Roundabout is published by the General Service Board of Alcoholics Anonymous (GB) Ltd., and is the official journal of AA in Scotland, though the views expressed in the articles are not necessarily those of AA.
The Secret

Where do I begin to express my gratitude for the Fellowship of Alcoholics Anonymous? The truth is, there are no words that would express my feelings so I guess I will simply try and tell you about my journey in life before I came to AA and what it is like today. I will share my experience, strength and hope with you for I believe that's how AA works and has since it all began with our co-founders Bill W and Doctor Bob. They discovered, as one alcoholic sharing with another, that they could live a day at a time without alcohol, so simple and yet so hard to grasp. Long-time sober members of AA told me repeatedly: "If you don't lift the first drink you can't get drunk" and yet I could not understand.
For the first two years after coming to Alcoholics Anonymous, having sober and drunk periods, I believed someone would tap me on the shoulder and tell me the secret of how to stay sober. I just couldn't understand and so I went searching for God in monasteries, churches, chapels, priests, monks and even my sponsor but I still couldn't find what I was looking for. I had a hole in my soul and didn't know how to fix it. My sponsor passed away and I told myself that I would never know the secret now. "So what now, God?" I thought as I trudged the road to unhappy destiny, as I was doomed and became very ill.
I became a frequent patient in mental institutions, taking overdoses, wanting and praying constantly to die, riddled with guilt and with fear running my whole existence. Suicide attempts followed, as did major surgery, depression, anxiety, panic attacks and agoraphobia, I became a battered wife with broken ribs, bruises and large purple welts covering my body and the only thing that I could feel was pain. Hating myself for not being able to jump into the river and end it all as my poor children suffered all the consequences of my daily drinking, my life becoming darker, engulfing my very being. I was still begging God, "Please dear Lord tell me the secret for I cannot bear the pain any longer, or take me home. Please, oh please Lord do not let my children suffer what I have suffered. For their sake God, tell me the secret." So there, at five and a half stone in weight, I was on my knees.

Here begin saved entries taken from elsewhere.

(* Consider problem (P) and Algorithm 3.1 as described in the context, and let $\{(x_k,\rho_k,d_k,\xi_k,\lambda_k,r_k,W_k)\}$ be a sequence generated by Algorithm 3.1. Then: (1) For every $k$, $\theta'_{\rho_k,r_k}(x_k;d_k)\le -d_k^TW_kd_k$, and, provided Assumption 3.1 holds, $d_k$ is a descent direction of $\theta_{\rho_k,r_k}$ at $x_k$. (2) Suppose further that Assumption 3.1 holds, that the algorithm does not terminate within finitely many iterations, and that the sequences $\{x_k\}$, $\{\lambda_k\}$ and $\{r_k\}$ are bounded. Then $\bar K:=\{k:\|d_k\|\le\hat\eta\rho_k^{-1}\}$ is an infinite set and every accumulation point of $\{x_k\}_{k\in\bar K}$ is a (Clarke) stationary point of problem (P).
   Context: Problem (P): minimize $f(x)$ subject to $g_i(x)\le 0$ ($i=1,\dots,p$), $h_j(x)=0$ ($j=p+1,\dots,q$), where $f,g_i,h_j:\mathbb{R}^n\to\mathbb{R}$ are locally Lipschitz. $\partial$ denotes the Clarke generalized gradient. For feasible $\bar x$, $I(\bar x)=\{i:g_i(\bar x)=0\}$. A feasible $\bar x$ is a (Clarke) stationary point of (P) if there are $\lambda_i\ge0$ ($i\in I(\bar x)$) and $\lambda_j\in\mathbb{R}$ ($j=p+1,\dots,q$) with $0\in\partial f(\bar x)+\sum_{i\in I(\bar x)}\lambda_i\partial g_i(\bar x)+\sum_{j=p+1}^q\lambda_j\partial h_j(\bar x)$. Smoothing: $\{f_\rho\},\{g^i_\rho\},\{h^j_\rho\}$ ($\rho>0$) are families of continuously differentiable functions with $\lim_{z\to x,\rho\uparrow\infty}f_\rho(z)=f(x)$ etc. for all $x$, and (standing assumption) each family has the gradient consistency property: for every $x$, the set of all limits $\lim_k\nabla f_{\rho_k}(z_k)$ with $z_k\to x$, $\rho_k\uparrow\infty$ is nonempty and contained in $\partial f(x)$ (similarly for $g^i_\rho$, $h^j_\rho$). Subproblem $(\mathrm{QP})_k$: minimize over $(d,\xi)\in\mathbb{R}^n\times\mathbb{R}$ the function $\nabla f_{\rho_k}(x_k)^Td+\frac12 d^TW_kd+r_k\xi$ subject to $g^i_{\rho_k}(x_k)+\nabla g^i_{\rho_k}(x_k)^Td\le\xi$ ($i=1,\dots,p$), $h^j_{\rho_k}(x_k)+\nabla h^j_{\rho_k}(x_k)^Td\le\xi$ and $-h^j_{\rho_k}(x_k)-\nabla h^j_{\rho_k}(x_k)^Td\le\xi$ ($j=p+1,\dots,q$), $\xi\ge0$. A solution $(d_k,\xi_k)$ comes with a Lagrange (KKT) multiplier $\lambda_k=(\lambda^g_k,\lambda^+_k,\lambda^-_k,\lambda^\xi_k)\ge0$ satisfying $0=\nabla f_{\rho_k}(x_k)+W_kd_k+\sum_i\lambda^g_{i,k}\nabla g^i_{\rho_k}(x_k)+\sum_j(\lambda^+_{j,k}-\lambda^-_{j,k})\nabla h^j_{\rho_k}(x_k)$, $r_k=\sum_i\lambda^g_{i,k}+\sum_j(\lambda^+_{j,k}+\lambda^-_{j,k})+\lambda^\xi_k$, and complementarity of each multiplier with its constraint. Merit function: $\theta_{\rho,r}(x)=f_\rho(x)+r\phi_\rho(x)$, $\phi_\rho(x)=\max\{0,g^i_\rho(x)\ (i=1,\dots,p),|h^j_\rho(x)|\ (j=p+1,\dots,q)\}$; $\theta'(x;d)$ is the directional derivative. Algorithm 3.1: constants $\beta,\sigma_1,\sigma_2\in(0,1)$ with $\sigma_1\le\sigma_2$, $\sigma,\sigma',\hat\eta\in(1,\infty)$; initial $x_0$, $\rho_0>0$, $r_0>0$, symmetric positive definite $W_0$; $k:=0$. Step 1: solve $(\mathrm{QP})_k$ to get $(d_k,\xi_k)$ and multiplier $\lambda_k$. Step 2: if $\xi_k=0$ set $r_{k+1}=r_k$, else $r_{k+1}=\sigma'r_k$. Step 3: $x_{k+1}=x_k+\alpha_kd_k$ with $\alpha_k=\beta^l$, $l$ the smallest nonnegative integer with $\theta_{\rho_k,r_k}(x_{k+1})-\theta_{\rho_k,r_k}(x_k)\le-\sigma_1\alpha_kd_k^TW_kd_k$. If $\|d_k\|\le\hat\eta\rho_k^{-1}$, set $\rho_{k+1}=\sigma\rho_k$ and go to Step 4; otherwise set $\rho_{k+1}=\rho_k$ and go to Step 1. In either case choose a symmetric positive definite $W_{k+1}$ and set $k:=k+1$. Step 4: if a stopping criterion holds, terminate; otherwise go to Step 1. Assumption 3.1: there exist constants $0<m<M$ with $m\|d\|^2\le d^TW_kd\le M\|d\|^2$ for all $k$ and all $d\in\mathbb{R}^n$. *)

theory Defs
  imports "HOL-Analysis.Analysis"
begin

definition loc_lipschitz :: "('a::metric_space \<Rightarrow> real) \<Rightarrow> bool" where
  "loc_lipschitz F \<longleftrightarrow>
     (\<forall>x. \<exists>e>0. \<exists>L. \<forall>y\<in>ball x e. \<forall>z\<in>ball x e. \<bar>F y - F z\<bar> \<le> L * dist y z)"

definition clarke_dir :: "('a::real_normed_vector \<Rightarrow> real) \<Rightarrow> 'a \<Rightarrow> 'a \<Rightarrow> ereal" where
  "clarke_dir F x v =
     Limsup (nhds x \<times>\<^sub>F at_right 0) (\<lambda>(y, t). ereal ((F (y + t *\<^sub>R v) - F y) / t))"

definition clarke_grad :: "('a::real_inner \<Rightarrow> real) \<Rightarrow> 'a \<Rightarrow> 'a set" where
  "clarke_grad F x = {\<zeta>. \<forall>v. ereal (\<zeta> \<bullet> v) \<le> clarke_dir F x v}"

definition feasible_P :: "nat \<Rightarrow> nat \<Rightarrow> (nat \<Rightarrow> 'a \<Rightarrow> real) \<Rightarrow> (nat \<Rightarrow> 'a \<Rightarrow> real) \<Rightarrow> 'a \<Rightarrow> bool" where
  "feasible_P p q g h x \<longleftrightarrow> (\<forall>i\<in>{1..p}. g i x \<le> 0) \<and> (\<forall>j\<in>{p+1..q}. h j x = 0)"

definition active_set :: "nat \<Rightarrow> (nat \<Rightarrow> 'a \<Rightarrow> real) \<Rightarrow> 'a \<Rightarrow> nat set" where
  "active_set p g x = {i\<in>{1..p}. g i x = 0}"

definition clarke_stationary ::
  "nat \<Rightarrow> nat \<Rightarrow> ('a::real_inner \<Rightarrow> real) \<Rightarrow> (nat \<Rightarrow> 'a \<Rightarrow> real) \<Rightarrow> (nat \<Rightarrow> 'a \<Rightarrow> real) \<Rightarrow> 'a \<Rightarrow> bool" where
  "clarke_stationary p q f g h x \<longleftrightarrow> feasible_P p q g h x \<and>
     (\<exists>lam mu \<zeta>f \<zeta>g \<zeta>h.
        \<zeta>f \<in> clarke_grad f x \<and>
        (\<forall>i\<in>active_set p g x. lam i \<ge> (0::real) \<and> \<zeta>g i \<in> clarke_grad (g i) x) \<and>
        (\<forall>j\<in>{p+1..q}. \<zeta>h j \<in> clarke_grad (h j) x) \<and>
        \<zeta>f + (\<Sum>i\<in>active_set p g x. lam i *\<^sub>R \<zeta>g i) + (\<Sum>j\<in>{p+1..q}. mu j *\<^sub>R \<zeta>h j) = 0)"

A doctor had told me that my whole body was shutting down on me and so I was doomed. "Not much time left now Lord" I thought, "So please make it quick, no more pain or constant agony in my mind, body and soul and Lord save my children." At that moment, my darkest hour, I saw my life pass by me like a drowning man and I suddenly saw where alcohol was the cause of all my problems. It wasn't the man I married, not the violent abusive childhood, not the mental institutions, nervous breakdowns, attempted suicides, major surgery, all of the pain was down to king alcohol, the shivering denizens of his mad realm. Then I realised that as I had been looking for God, it was not God who was lost, it was me.
Piece by piece, everything started to slot into place like a jigsaw puzzle and I wanted to sing and dance. I know the secret, the secret is God. I had a spiritual experience on that day eight years ago and have not needed or wanted a drink one day at a time since. Around five or six years ago I met the wonderful lady who was to become my sponsor. She guided me through the Programme of Recovery with gentle loving care and told me God loved me and that He knew I had been very ill and, through time, the pain lifted from my shoulders. I knew that for the first time in my life I was free.
So now I trudge the road to happy destiny with the help of my Higher Power and I know happiness, peace and joy. I am now, after three years at college, a fully qualified Reiki practitioner and crystal therapist and so many wonderful things have happened to me. I have been abroad a few times, passed my driving test, bought a house and stopped smoking - the list is endless. One of my daughters came to the Fellowship at the age of 23 and is now at university training to be a nurse. She is also a reflexologist. Before she came to Alcoholics Anonymous she worked in a small clothes shop just to get money for drink. This is not only a family illness but also a family recovery, just as I was told. My other daughter is suffering from this dirty, filthy, stinking illness too, though I hope and pray she will get well with God's grace and be shown the secret, for I hand her over to the God of my understanding every day and every night.
I go to meetings on a regular basis; I am a member of a group and am on the Helpline when they need me. I always, when able, put the price of a drink in the dues and fees bag. I never forget that my primary purpose is to stay sober and help other alcoholics to achieve sobriety and, you know, I just love it.
I thank God for giving me you people and thank you people for giving me God, for now I know the secret.